---- RECORDS SHOWN

lemma nn_integral_exp_mart_martingale:
  fixes g :: "'a \<Rightarrow> ennreal"
  assumes st: "0 \<le> s" "s \<le> t" "t \<le> T" and g[measurable]: "g \<in> borel_measurable (F s)"
  shows "(\<integral>\<^sup>+\<omega>. g \<omega> * exp_mart \<theta> t \<omega> \<partial>M) = (\<integral>\<^sup>+\<omega>. g \<omega> * exp_mart \<theta> s \<omega> \<partial>M)"
proof (cases "s = t")
  case False
  with st have st': "0 \<le> s" "s < t" "t \<le> T" by auto
  have [measurable]: "W t \<in> borel_measurable M" "W s \<in> borel_measurable M"
    using W_measurable st by auto
  define f where "f x = ennreal (exp (- \<theta>\<^sup>2 * (t - s) / 2)) * ennreal (exp (\<theta> * x))" for x
  have [measurable]: "f \<in> borel_measurable borel"
    unfolding f_def by measurable
  have "exp_mart \<theta> t \<omega> = exp_mart \<theta> s \<omega> * (exp (- \<theta>\<^sup>2 * (t - s) / 2) * exp (\<theta> * (W t \<omega> - W s \<omega>)))" for \<omega>
    unfolding exp_mart_def by (simp add: exp_add[symmetric] field_simps)
  then have "(\<integral>\<^sup>+\<omega>. g \<omega> * exp_mart \<theta> t \<omega> \<partial>M) = (\<integral>\<^sup>+\<omega>. (g \<omega> * exp_mart \<theta> s \<omega>) * f (W t \<omega> - W s \<omega>) \<partial>M)"
    by (simp add: f_def ennreal_mult mult.assoc)
  also have "\<dots> = (\<integral>\<^sup>+\<omega>. g \<omega> * exp_mart \<theta> s \<omega> \<partial>M) * (\<integral>\<^sup>+\<omega>. f (W t \<omega> - W s \<omega>) \<partial>M)"
    using exp_mart_F_measurable[of s \<theta>] st by (intro nn_integral_mult_increment[OF st']) auto
  also have "(\<integral>\<^sup>+\<omega>. f (W t \<omega> - W s \<omega>) \<partial>M)
      = ennreal (exp (- \<theta>\<^sup>2 * (t - s) / 2)) * (\<integral>\<^sup>+\<omega>. ennreal (exp (\<theta> * (W t \<omega> - W s \<omega>))) \<partial>M)"
    unfolding f_def by (rule nn_integral_cmult) measurable
  also have "\<dots> = 1"
    unfolding nn_integral_exp_increment[OF st'] by (simp add: ennreal_mult[symmetric] exp_add[symmetric])
  finally show ?thesis by simp
qed simp

lemma nn_integral_exp_mart: "(\<integral>\<^sup>+\<omega>. exp_mart \<theta> T \<omega> \<partial>M) = 1"
  using nn_integral_exp_mart_martingale[of 0 T "\<lambda>_. 1" \<theta>] T_pos
  by (simp add: exp_mart_def W_zero emeasure_space_1 cong: nn_integral_cong)

lemma exp_mart_stopped_measurable:
  "\<tau> \<in> stopping_times \<Longrightarrow> (\<lambda>\<omega>. exp_mart \<theta> (\<tau> \<omega>) \<omega>) \<in> borel_measurable M"
  by (intro exp_mart_at_measurable stopping_time_measurable W_stopping_time_measurable)

lemma exp_mart_dyadic_measurable:
  "\<tau> \<in> stopping_times \<Longrightarrow> (\<lambda>\<omega>. exp_mart \<theta> (dyadic_ceil T n (\<tau> \<omega>)) \<omega>) \<in> borel_measurable M"
  by (intro exp_mart_at_measurable borel_measurable_dyadic_ceil stopping_time_measurable
      W_dyadic_stopping_time_measurable)
definition left_ideal :: "('a, 'b) ring_scheme \<Rightarrow> 'a set \<Rightarrow> bool" where
  "left_ideal S L \<longleftrightarrow> additive_subgroup L S \<and>
     (\<forall>a \<in> carrier S. \<forall>x \<in> L. a \<otimes>\<^bsub>S\<^esub> x \<in> L)"

definition right_ideal :: "('a, 'b) ring_scheme \<Rightarrow> 'a set \<Rightarrow> bool" where
  "right_ideal S L \<longleftrightarrow> additive_subgroup L S \<and>
     (\<forall>a \<in> carrier S. \<forall>x \<in> L. x \<otimes>\<^bsub>S\<^esub> a \<in> L)"

definition left_genideal :: "('a, 'b) ring_scheme \<Rightarrow> 'a set \<Rightarrow> 'a set" where
  "left_genideal S A = Inter {L. left_ideal S L \<and> A \<subseteq> L}"

definition right_genideal :: "('a, 'b) ring_scheme \<Rightarrow> 'a set \<Rightarrow> 'a set" where
  "right_genideal S A = Inter {L. right_ideal S L \<and> A \<subseteq> L}"

definition left_artinian :: "('a, 'b) ring_scheme \<Rightarrow> bool" where
  "left_artinian S \<longleftrightarrow> (\<forall>f :: nat \<Rightarrow> 'a set.
     (\<forall>n. left_ideal S (f n)) \<and> (\<forall>n. f (Suc n) \<subseteq> f n) \<longrightarrow> (\<exists>N. \<forall>n\<ge>N. f n = f N))"

definition right_artinian :: "('a, 'b) ring_scheme \<Rightarrow> bool" where
  "right_artinian S \<longleftrightarrow> (\<forall>f :: nat \<Rightarrow> 'a set.
     (\<forall>n. right_ideal S (f n)) \<and> (\<forall>n. f (Suc n) \<subseteq> f n) \<longrightarrow> (\<exists>N. \<forall>n\<ge>N. f n = f N))"

definition artinian_ring :: "('a, 'b) ring_scheme \<Rightarrow> bool" where
  "artinian_ring S \<longleftrightarrow> ring S \<and> left_artinian S \<and> right_artinian S"

definition descending_filtration :: "('a, 'b) ring_scheme \<Rightarrow> (nat \<Rightarrow> 'a set) \<Rightarrow> bool" where
  "descending_filtration R I \<longleftrightarrow>
     I 0 = carrier R \<and> (\<forall>t. ideal (I t) R) \<and> (\<forall>t. I (Suc t) \<subseteq> I t) \<and>
     Inter (range I) = {\<zero>\<^bsub>R\<^esub>} \<and>
     (\<forall>s t. \<forall>a \<in> I s. \<forall>b \<in> I t. a \<otimes>\<^bsub>R\<^esub> b \<in> I (s + t))"

(* The inverse limit lim_j R/I_j: compatible sequences of cosets x j \<in> R/I_j.
   The transition map R/I_j \<rightarrow> R/I_i (i \<le> j) sends a coset of I_j to the unique
   coset of I_i containing it, so compatibility means x j \<subseteq> x i. *)
definition completion_carrier :: "('a, 'b) ring_scheme \<Rightarrow> (nat \<Rightarrow> 'a set) \<Rightarrow> (nat \<Rightarrow> 'a set) set" where
  "completion_carrier R I =
     {x. (\<forall>j. x j \<in> carrier (R Quot I j)) \<and> (\<forall>i j. i \<le> j \<longrightarrow> x j \<subseteq> x i)}"

definition completion :: "('a, 'b) ring_scheme \<Rightarrow> (nat \<Rightarrow> 'a set) \<Rightarrow> (nat \<Rightarrow> 'a set) ring" where
  "completion R I =
    \<lparr>carrier = completion_carrier R I,
     mult = (\<lambda>x y j. x j \<otimes>\<^bsub>R Quot I j\<^esub> y j),
     one = (\<lambda>j. \<one>\<^bsub>R Quot I j\<^esub>),
     ring.zero = (\<lambda>j. \<zero>\<^bsub>R Quot I j\<^esub>),
     ring.add = (\<lambda>x y j. x j \<oplus>\<^bsub>R Quot I j\<^esub> y j)\<rparr>"

definition completion_topology :: "('a, 'b) ring_scheme \<Rightarrow> (nat \<Rightarrow> 'a set) \<Rightarrow> (nat \<Rightarrow> 'a set) topology" where
  "completion_topology R I =
     subtopology (product_topology (\<lambda>j. discrete_topology (carrier (R Quot I j))) UNIV)
                 (completion_carrier R I)"

end

theory Submission
  imports Defs
begin

(* Let L = Rbar a_1 + ... + Rbar a_n and let L_j be the preimage in R of the left ideal of R/I_j
   generated by the j-th components of the a_i. The set of y with y_j in L_j for every j is cut out
   by conditions on single coordinates, hence closed, and it contains L; the point is that it is
   contained in L. Peeling off one generator a at a time, the coefficients r in R with
   y_j - r a_j in the span of the remaining generators form a coset of a left ideal containing I_j,
   and these cosets shrink as j grows. Since R/I_j is left artinian, the images of the cosets of
   levels m >= j in R/I_j stabilise (a Mittag-Leffler argument), so the coefficients can be chosen
   compatibly at all levels, that is, as one element r of Rbar. Right ideals are the left ideals of
   the opposite ring, whose completion is the opposite of the completion. *)

section \<open>Finite left spans\<close>

context ring
begin

lemma left_idealI:
  assumes "L \<subseteq> carrier R" "\<zero> \<in> L" "\<And>x y. x \<in> L \<Longrightarrow> y \<in> L \<Longrightarrow> x \<oplus> y \<in> L"
    and "\<And>x. x \<in> L \<Longrightarrow> \<ominus> x \<in> L" "\<And>c x. c \<in> carrier R \<Longrightarrow> x \<in> L \<Longrightarrow> c \<otimes> x \<in> L"
  shows "left_ideal R L"
proof -
  have "subgroup L (add_monoid R)"
    by (rule add.subgroupI) (use assms in \<open>auto simp: a_inv_def\<close>)
  then show ?thesis
    unfolding left_ideal_def using assms(5) by (auto intro: additive_subgroupI)
qed

lemma left_ideal_subset: "left_ideal R L \<Longrightarrow> L \<subseteq> carrier R"
  unfolding left_ideal_def by (simp add: additive_subgroup.a_subset)

lemma left_ideal_zero: "left_ideal R L \<Longrightarrow> \<zero> \<in> L"
  unfolding left_ideal_def by (simp add: additive_subgroup.zero_closed)

lemma left_ideal_add: "left_ideal R L \<Longrightarrow> x \<in> L \<Longrightarrow> y \<in> L \<Longrightarrow> x \<oplus> y \<in> L"
  unfolding left_ideal_def by (simp add: additive_subgroup.a_closed)

lemma left_ideal_a_inv: "left_ideal R L \<Longrightarrow> x \<in> L \<Longrightarrow> \<ominus> x \<in> L"
  unfolding left_ideal_def by (simp add: additive_subgroup.a_inv_closed)

lemma left_ideal_minus: "left_ideal R L \<Longrightarrow> x \<in> L \<Longrightarrow> y \<in> L \<Longrightarrow> x \<ominus> y \<in> L"
  by (simp add: a_minus_def left_ideal_add left_ideal_a_inv)

lemma left_ideal_mult: "left_ideal R L \<Longrightarrow> c \<in> carrier R \<Longrightarrow> x \<in> L \<Longrightarrow> c \<otimes> x \<in> L"
  unfolding left_ideal_def by blast

lemma left_ideal_minus_cancel:
  assumes "left_ideal R L" "x \<in> carrier R" "x \<ominus> y \<in> L" "y \<in> L"
  shows "x \<in> L"
proof -
  have "y \<in> carrier R" using assms(1,4) left_ideal_subset by blast
  then have "x = (x \<ominus> y) \<oplus> y" using assms(2) by algebra
  then show ?thesis using assms left_ideal_add by metis
qed

lemma left_ideal_of_ideal: "ideal J R \<Longrightarrow> left_ideal R J"
  unfolding left_ideal_def by (simp add: ideal.axioms(1) ideal.I_l_closed)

--------

TASK ITEM: Only the lines above from the line containing "Inter (range I)" through the line containing "The transition map" should be retyped, exactly and with both ends included.

WRITTEN REPLY:
     Inter (range I) = {\<zero>\<^bsub>R\<^esub>} \<and>
     (\<forall>s t. \<forall>a \<in> I s. \<forall>b \<in> I t. a \<otimes>\<^bsub>R\<^esub> b \<in> I (s + t))"

(* The inverse limit lim_j R/I_j: compatible sequences of cosets x j \<in> R/I_j.
   The transition map R/I_j \<rightarrow> R/I_i (i \<le> j) sends a coset of I_j to the unique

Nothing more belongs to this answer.